With the benefit of hindsight, we know that Dell the publicly listed company became Dell the private equity fund. Among its acquisitions was EMC, and in particular EMC’s stake in VMWare, a position so lucrative that when Dell went public again in 2018 the implied value of the business excluding that holding was effectively nil. Dell the public company could have acquired EMC; publicly listed tech companies make acquisitions all of the time. What going private let the business do that it couldn’t do before was to concentrate ownership, and subsequently the returns from those acquisitions, in fewer people’s hands.
In the retail sector, the answer is not necessarily so cynical. Saks made the split into separate bricks & mortar and eCommerce legal entities earlier this year. In the words of the eCommece CEO, as quoted in the WSJ this week, both businesses benefit overall because they don’t have the same dollars chasing conflicting investment opportunities exclusively in an IRL and online realm, the eCommerce business has expanded its eCommerce offerings and reach, the brick and mortar business has better integration with eCommerce than it did before, and eCommerce now has an employer profile attractive to tech sector workers. In short, to destroy a longstanding phrase, by being two entities, the Saks eCommerce CEO argues that the sum of the parts is greater than the whole could ever have been. The CEO argues that the separation lets Saks do something - probably many somethings - it could not do before.

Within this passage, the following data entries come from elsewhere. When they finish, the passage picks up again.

lemma points_Suc_fun_upd: "\<alpha> \<in> points k \<Longrightarrow> \<alpha>(k := t) \<in> points (Suc k)"
  unfolding points_def by (auto simp: PiE_iff extensional_def)

lemma exps_Suc: "exps q (Suc k) = (\<lambda>(j, e). e(k := j)) ` ({0..<q} \<times> exps q k)"
  unfolding exps_def by (simp add: atLeast0_lessThan_Suc PiE_insert_eq)

lemma inj_on_exps_Suc: "inj_on (\<lambda>(j, e). e(k := j)) ({0..<q} \<times> exps q k)"
  unfolding exps_def by (rule inj_combinator) simp

lemma mon_Suc_fun_upd: "mon (Suc k) \<alpha> (e(k := j)) = mon k \<alpha> e * \<alpha> k ^ j"
  unfolding mon_def by (simp add: lessThan_Suc)

lemma mon_restrict: "mon k \<alpha> (restrict e {0..<k}) = mon k \<alpha> e"
  unfolding mon_def by (auto intro!: prod.cong)

lemma reduced_eval_indicator:
  "e \<in> exps q k \<Longrightarrow> reduced_eval q k (\<lambda>e'. of_bool (e' = e)) \<alpha> = mon k \<alpha> e"
  unfolding reduced_eval_def by (simp add: finite_exps Int_absorb1)

lemma reduced_eval_diff:
  "reduced_eval q k (\<lambda>e. c e - c' e) \<alpha> = reduced_eval q k c \<alpha> - reduced_eval q k c' \<alpha>"
  unfolding reduced_eval_def by (simp add: left_diff_distrib sum_subtractf)

lemma reduced_eval_fun_upd: "reduced_eval q k c (\<alpha>(k := t)) = reduced_eval q k c \<alpha>"
  unfolding reduced_eval_def mon_def by (auto intro!: sum.cong prod.cong)

lemma reduced_eval_Suc:
  "reduced_eval q (Suc k) c \<alpha> = (\<Sum>j<q. \<alpha> k ^ j * reduced_eval q k (\<lambda>e. c (e(k := j))) \<alpha>)"
proof -
  have "reduced_eval q (Suc k) c \<alpha> =
      (\<Sum>(j, e)\<in>{0..<q} \<times> exps q k. c (e(k := j)) * mon (Suc k) \<alpha> (e(k := j)))"
    unfolding reduced_eval_def exps_Suc
    by (subst sum.reindex[OF inj_on_exps_Suc]) (simp add: case_prod_beta)
  also have "\<dots> = (\<Sum>j\<in>{0..<q}. \<Sum>e\<in>exps q k. c (e(k := j)) * (mon k \<alpha> e * \<alpha> k ^ j))"
    by (subst sum.cartesian_product[symmetric]) (simp add: mon_Suc_fun_upd)
  also have "\<dots> = (\<Sum>j<q. \<alpha> k ^ j * reduced_eval q k (\<lambda>e. c (e(k := j))) \<alpha>)"
    unfolding reduced_eval_def
    by (auto simp: sum_distrib_left atLeast0LessThan mult_ac intro!: sum.cong)
  finally show ?thesis .
qed

lemma fun_deg_le_reduced_eval:
  fixes g :: "(nat \<Rightarrow> 'a::{field,finite}) \<Rightarrow> 'a"
  assumes "fun_deg_le k g D"
  obtains c where "\<And>e. c e \<noteq> 0 \<Longrightarrow> (\<Sum>i<k. e i) \<le> D"
    and "\<And>\<alpha>. \<alpha> \<in> points k \<Longrightarrow> g \<alpha> = reduced_eval CARD('a) k c \<alpha>"
proof -
  obtain c where c: "\<And>\<alpha>. \<alpha> \<in> points k \<Longrightarrow>
      g \<alpha> = (\<Sum>e\<in>{e\<in>exps CARD('a) k. (\<Sum>i<k. e i) \<le> D}. c e * mon k \<alpha> e)"
    using assms unfolding fun_deg_le_def by blast
  show thesis
  proof
    show "(\<Sum>i<k. e i) \<le> D" if "(if (\<Sum>i<k. e i) \<le> D then c e else 0) \<noteq> 0" for e
      using that by (simp split: if_splits)
    show "g \<alpha> = reduced_eval CARD('a) k (\<lambda>e. if (\<Sum>i<k. e i) \<le> D then c e else 0) \<alpha>"
      if "\<alpha> \<in> points k" for \<alpha>
      unfolding c[OF that] reduced_eval_def
      by (auto simp: sum.inter_filter finite_exps intro!: sum.cong)
  qed
qed

lemma card_nonroots_ge:
  fixes p :: "'a::{idom,finite} poly"
  assumes "p \<noteq> 0"
  shows "CARD('a) - degree p \<le> card {x. poly p x \<noteq> 0}"
proof -
  have "{x. poly p x \<noteq> 0} = UNIV - {x. poly p x = 0}" by auto
  then have "card {x. poly p x \<noteq> 0} = CARD('a) - card {x. poly p x = 0}"
    by (simp add: card_Diff_subset)
  then show ?thesis using card_poly_roots_bound[OF assms] by linarith
qed

lemma card_nonzeros_power_sum_ge:
  fixes a :: "nat \<Rightarrow> 'a::{idom,finite}"
  assumes "a j \<noteq> 0" "\<And>i. j < i \<Longrightarrow> a i = 0" "j < n"
  shows "CARD('a) - j \<le> card {t. (\<Sum>i<n. t ^ i * a i) \<noteq> 0}"
proof -
  define p where "p = (\<Sum>i\<le>j. monom (a i) i)"
  have "(\<Sum>i<n. t ^ i * a i) = (\<Sum>i\<le>j. t ^ i * a i)" for t
    using assms by (intro sum.mono_neutral_right) auto
  then have poly_p: "(\<Sum>i<n. t ^ i * a i) = poly p t" for t
    unfolding p_def by (simp add: poly_sum poly_monom mult.commute)
  have "coeff p j = a j" unfolding p_def by (simp add: coeff_sum)
  then have "p \<noteq> 0" using assms(1) by auto
  moreover have "degree p \<le> j" unfolding p_def
    by (intro degree_sum_le) (auto intro: order_trans[OF degree_monom_le])
  ultimately show ?thesis
    unfolding poly_p using card_nonroots_ge[of p] by linarith
qed

lemma card_points_Suc_ge:
  fixes A :: "(nat \<Rightarrow> 'a::finite) set"
  assumes "A \<subseteq> points k" "\<And>\<alpha>. \<alpha> \<in> A \<Longrightarrow> m \<le> card {t. P (\<alpha>(k := t))}"
  shows "card A * m \<le> card {\<beta>\<in>points (Suc k). P \<beta>}"
proof -
  define T where "T \<alpha> = {t. P (\<alpha>(k := t))}" for \<alpha>
  have "inj_on (\<lambda>(\<alpha>, t). \<alpha>(k := t)) (Sigma A T)"
  proof (rule inj_onI, clarify)
    fix \<alpha> t \<beta> u assume "\<alpha> \<in> A" "\<beta> \<in> A" and upd: "\<alpha>(k := t) = \<beta>(k := u)"
    then have "\<alpha> k = \<beta> k"
      using assms(1) unfolding points_def by (metis PiE_arb atLeastLessThan_iff less_irrefl subsetD)
    then show "\<alpha> = \<beta> \<and> t = u" using upd by (metis fun_upd_apply fun_upd_triv fun_upd_upd)
  qed
  have "card A * m \<le> (\<Sum>\<alpha>\<in>A. card (T \<alpha>))"
    using assms(2) sum_mono[of A "\<lambda>_. m"] unfolding T_def by simp
  also have "\<dots> = card ((\<lambda>(\<alpha>, t). \<alpha>(k := t)) ` Sigma A T)"
    using \<open>inj_on _ _\<close> finite_subset[OF assms(1) finite_points] by (simp add: card_image card_SigmaI)
  also have "\<dots> \<le> card {\<beta>\<in>points (Suc k). P \<beta>}"
    using assms(1) finite_points[of "Suc k"] unfolding T_def
    by (auto intro!: card_mono points_Suc_fun_upd)
  finally show ?thesis .
qed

This, in turn, begs the question why.
There’s a quote attributed (quite probably erroneously) to the late Sir Frank Williams of the eponymous Williams Formula 1 team. When asked whether he approved of a proposed change to the race car, the legend is that his only response was, “does it make the car go faster?” It’s a deceptively simple question, one that I long misunderstood, because I took it at face value. Engineers can do any number of things to make a car go faster that also make the car less reliable, less stable, incompatible with sporting regulations, and so forth. While the question “does it make the car go faster” appears a simple up-or-down question, it actually questions the reasons behind the proposed change. How does it make the car go faster? Why hasn’t anybody thought to do this before? In answering those questions, we find out if the proposed change is clever, or too clever by half.
And that’s the question facing traditional retail. A commercial restructuring that alleges it creates value for the business (that is, not just investors) flies in the face of conventional wisdom. Sometimes that conventional wisdom is correct: Dell shareholders who accepted something less than $14 / share in 2013 lost out on a quadrupling of the enterprise value over an 8 year span (and no the S&P 500 didn’t perform quite that well over that same timeframe). But then, as John Kenneth Galbraith pointed out, conventional wisdom is valued because it is convenient, comfortable and comforting - not because it is necessarily right. Perhaps Saks and parent HBC are onto something more than just financial engineering, if in fact separating eCommerce from bricks & mortar let them do something they could not do before.